In order to deal with persistence,
we've added the concept of a check pointer into LangGraph.
A check pointer basically checkpoints
the state after
and between every node.
To add in persistence for this agent,
what we'll do is we'll use a SqliteSaver.
So this is a really simple check pointer that we've added that uses
Sqlite, a built in database under the hood.
And we'll just use the in-memory database.
So if we refresh this notebook it'll disappear.
But you can easily connect this to an external database
or we also have other check pointers that use Redis
and Postgres and other more persistent databases like that.

In [6]:
class Agent:
    def __init__(self, model, tools, checkpointer, system=""):
        self.system = system
        graph = StateGraph(AgentState)
        graph.add_node("llm", self.call_openai)
        graph.add_node("action", self.take_action)
        graph.add_conditional_edges("llm", self.exists_action, {True: "action", False: END})
        graph.add_edge("action", "llm")
        graph.set_entry_point("llm")
        self.graph = graph.compile(checkpointer=checkpointer)
        self.tools = {t.name: t for t in tools}
        self.model = model.bind_tools(tools)

    def call_openai(self, state: AgentState):
        messages = state['messages']
        if self.system:
            messages = [SystemMessage(content=self.system)] + messages
        message = self.model.invoke(messages)
        return {'messages': [message]}

    def exists_action(self, state: AgentState):
        result = state['messages'][-1]
        return len(result.tool_calls) > 0

    def take_action(self, state: AgentState):
        tool_calls = state['messages'][-1].tool_calls
        results = []
        for t in tool_calls:
            print(f"Calling: {t}")
            result = self.tools[t['name']].invoke(t['args'])
            results.append(ToolMessage(tool_call_id=t['id'], name=t['name'], content=str(result)))
        print("Back to the model!")
        return {'messages': results}

In [7]:
prompt = """You are a smart research assistant. Use the search engine to look up information. \
You are allowed to make multiple calls (either together or in sequence). \
Only look up information when you are sure of what you want. \
If you need to look up some information before asking a follow up question, you are allowed to do that!
"""
model = ChatOpenAI(model="gpt-4o")
abot = Agent(model, [tool], system=prompt, checkpointer=memory)

**Streaming**

First, we might care about streaming
the individual messages.
So this would be the Al message that determines what action to take.
And then the observation message that represents the result
of taking that action.
The second thing we might care about streaming is tokens.
So for each token of the LLM call we might want to stream the output.

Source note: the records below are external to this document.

(* Let $w$ be a weakly cyclically reduced word on $\{\alpha_n^{\pm1},\dots,\alpha_1^{\pm1},\beta^{\pm1}\}$ in which some letter $\alpha_i^{\pm1}$ occurs (i.e. $w\notin\langle\beta\rangle$). For every finite subset $F$ of the vertex set $X$ of the pre-graph $G_0$, there exists an extension $G$ of $G_0$ such that the cycle $C(w,v_0)$ embeds in $G$ and its image contains no vertex of $F$.
   Context: A graph consists of a vertex set $V$, an edge set $E$, a fixed-point-free involution $e\mapsto\bar e$ on $E$, and maps $i,t:E\to V$ with $i(\bar e)=t(e)$. A labeling on $S^{\pm1}$ is a map $l:E\to S^{\pm1}$ with $l(\bar e)=l(e)^{-1}$. A labeled graph is well-labeled if $i(e)=i(e')$ and $l(e)=l(e')$ imply $e=e'$. A homomorphism of labeled graphs maps vertices to vertices and edges to edges preserving $i$, $t$ and labels; an embedding is an injective homomorphism. A word $w_m\cdots w_1$ is reduced if $w_{j+1}\neq w_j^{-1}$ for all $j$, and weakly cyclically reduced if moreover $w_m\neq w_1^{-1}$ (equality $w_m=w_1$ is allowed). For such $w$, the cycle $C(w,v_0)$ is the labeled graph with $m$ distinct vertices $v_0,\dots,v_{m-1}$ and directed edges $e_1,\dots,e_m$ (with their inverses), $e_j$ going from $v_{j-1}$ to $v_j$ (indices mod $m$, so $t(e_m)=v_0$) with label $w_j$. Let $X$ be an infinite countable set and $\beta$ a permutation of $X$ acting simply transitively. The pre-graph $G_0$ has vertex set $X$ and for each $x\in X$ one directed edge from $x$ to $\beta(x)$ labeled $\beta$ (with its inverse labeled $\beta^{-1}$). An extension of $G_0$ is a well-labeled graph labeled on $\{\alpha_n^{\pm1},\dots,\alpha_1^{\pm1},\beta^{\pm1}\}$ containing $G_0$ and with vertex set exactly $X$. *)

theory Defs
  imports Main "HOL-Library.Countable_Set"
begin

text \<open>Generators: Beta is beta, Alpha i is alpha_i (meaningful for 1 <= i <= n).
  A letter is a generator together with an exponent sign (True = +1, False = -1).\<close>

datatype gen = Alpha nat | Beta

type_synonym letter = "gen \<times> bool"

definition linv :: "letter \<Rightarrow> letter" where
  "linv a = (fst a, \<not> snd a)"

definition alphabet :: "nat \<Rightarrow> letter set" where
  "alphabet n = {(Alpha i, s) | i s. 1 \<le> i \<and> i \<le> n} \<union> {(Beta, s) | s. True}"

text \<open>A word w = w_m ... w_1 is represented by the list [w_m, ..., w_1] in written order;
  thus the letter w_j (1 <= j <= m) is  w ! (length w - j).\<close>

definition wlet :: "letter list \<Rightarrow> nat \<Rightarrow> letter" where
  "wlet w j = w ! (length w - j)"

definition reduced_word :: "letter list \<Rightarrow> bool" where
  "reduced_word w \<longleftrightarrow> (\<forall>j. 1 \<le> j \<and> j < length w \<longrightarrow> wlet w (Suc j) \<noteq> linv (wlet w j))"

definition weakly_cyclically_reduced :: "letter list \<Rightarrow> bool" where
  "weakly_cyclically_reduced w \<longleftrightarrow> w \<noteq> [] \<and> reduced_word w \<and>
     wlet w (length w) \<noteq> linv (wlet w 1)"

record ('v, 'e) lgraph =
  verts :: "'v set"
  edges :: "'e set"
  bar :: "'e \<Rightarrow> 'e"
  src :: "'e \<Rightarrow> 'v"
  tgt :: "'e \<Rightarrow> 'v"
  lab :: "'e \<Rightarrow> letter"

definition is_lgraph :: "('v, 'e) lgraph \<Rightarrow> bool" where
  "is_lgraph G \<longleftrightarrow> (\<forall>e \<in> edges G.
      bar G e \<in> edges G \<and> bar G (bar G e) = e \<and> bar G e \<noteq> e \<and>
      src G e \<in> verts G \<and> tgt G e \<in> verts G \<and> src G (bar G e) = tgt G e \<and>
      lab G (bar G e) = linv (lab G e))"

definition labeled_on :: "nat \<Rightarrow> ('v, 'e) lgraph \<Rightarrow> bool" where
  "labeled_on n G \<longleftrightarrow> (\<forall>e \<in> edges G. lab G e \<in> alphabet n)"

definition well_labeled :: "('v, 'e) lgraph \<Rightarrow> bool" where
  "well_labeled G \<longleftrightarrow> (\<forall>e \<in> edges G. \<forall>e' \<in> edges G.
      src G e = src G e' \<and> lab G e = lab G e' \<longrightarrow> e = e')"

definition lhom :: "('v, 'e) lgraph \<Rightarrow> ('w, 'f) lgraph \<Rightarrow> ('v \<Rightarrow> 'w) \<Rightarrow> ('e \<Rightarrow> 'f) \<Rightarrow> bool" where
  "lhom G H f g \<longleftrightarrow> f ` verts G \<subseteq> verts H \<and> g ` edges G \<subseteq> edges H \<and>
     (\<forall>e \<in> edges G. src H (g e) = f (src G e) \<and> tgt H (g e) = f (tgt G e) \<and>
        lab H (g e) = lab G e \<and> g (bar G e) = bar H (g e))"

definition lembedding :: "('v, 'e) lgraph \<Rightarrow> ('w, 'f) lgraph \<Rightarrow> ('v \<Rightarrow> 'w) \<Rightarrow> ('e \<Rightarrow> 'f) \<Rightarrow> bool" where
  "lembedding G H f g \<longleftrightarrow> lhom G H f g \<and> inj_on f (verts G) \<and> inj_on g (edges G)"

text \<open>Vertices v_0..v_{m-1} are 0..m-1 (v_0 = 0); edge e_j (1 <= j <= m) is (j, True),
  going from v_{j-1} to v_{j mod m} with label w_j; its inverse is (j, False).\<close>

definition cycle_graph :: "letter list \<Rightarrow> (nat, nat \<times> bool) lgraph" where
  "cycle_graph w = (let m = length w in
     \<lparr> verts = {..<m},
       edges = {1..m} \<times> UNIV,
       bar = (\<lambda>(j, b). (j, \<not> b)),
       src = (\<lambda>(j, b). if b then j - 1 else j mod m),
       tgt = (\<lambda>(j, b). if b then j mod m else j - 1),
       lab = (\<lambda>(j, b). if b then wlet w j else linv (wlet w j)) \<rparr>)"

definition beta_pow :: "'x set \<Rightarrow> ('x \<Rightarrow> 'x) \<Rightarrow> int \<Rightarrow> 'x \<Rightarrow> 'x" where
  "beta_pow X \<beta> k = (if 0 \<le> k then \<beta> ^^ nat k else inv_into X \<beta> ^^ nat (- k))"

definition simply_transitive :: "'x set \<Rightarrow> ('x \<Rightarrow> 'x) \<Rightarrow> bool" where
  "simply_transitive X \<beta> \<longleftrightarrow> (\<forall>x \<in> X. \<forall>y \<in> X. \<exists>!k::int. beta_pow X \<beta> k x = y)"

definition pre_graph :: "'x set \<Rightarrow> ('x \<Rightarrow> 'x) \<Rightarrow> ('x, 'x \<times> bool) lgraph" where
  "pre_graph X \<beta> =
     \<lparr> verts = X,
       edges = X \<times> UNIV,
       bar = (\<lambda>(x, b). (x, \<not> b)),
       src = (\<lambda>(x, b). if b then x else \<beta> x),
       tgt = (\<lambda>(x, b). if b then \<beta> x else x),
       lab = (\<lambda>(x, b). (Beta, b)) \<rparr>"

We're now going to add this concept of a thread config.
So this will be used to keep track of different threads
inside the persistent checkpointer.
This will allow us to have multiple conversations going on at the same time.

This is really needed for production applications
where you generally have many users.
This thread config is simply a dictionary with a configurable key.
And as part of that, we have a thread id and we can set that equal to any string.
Here we're going to set that equal to one.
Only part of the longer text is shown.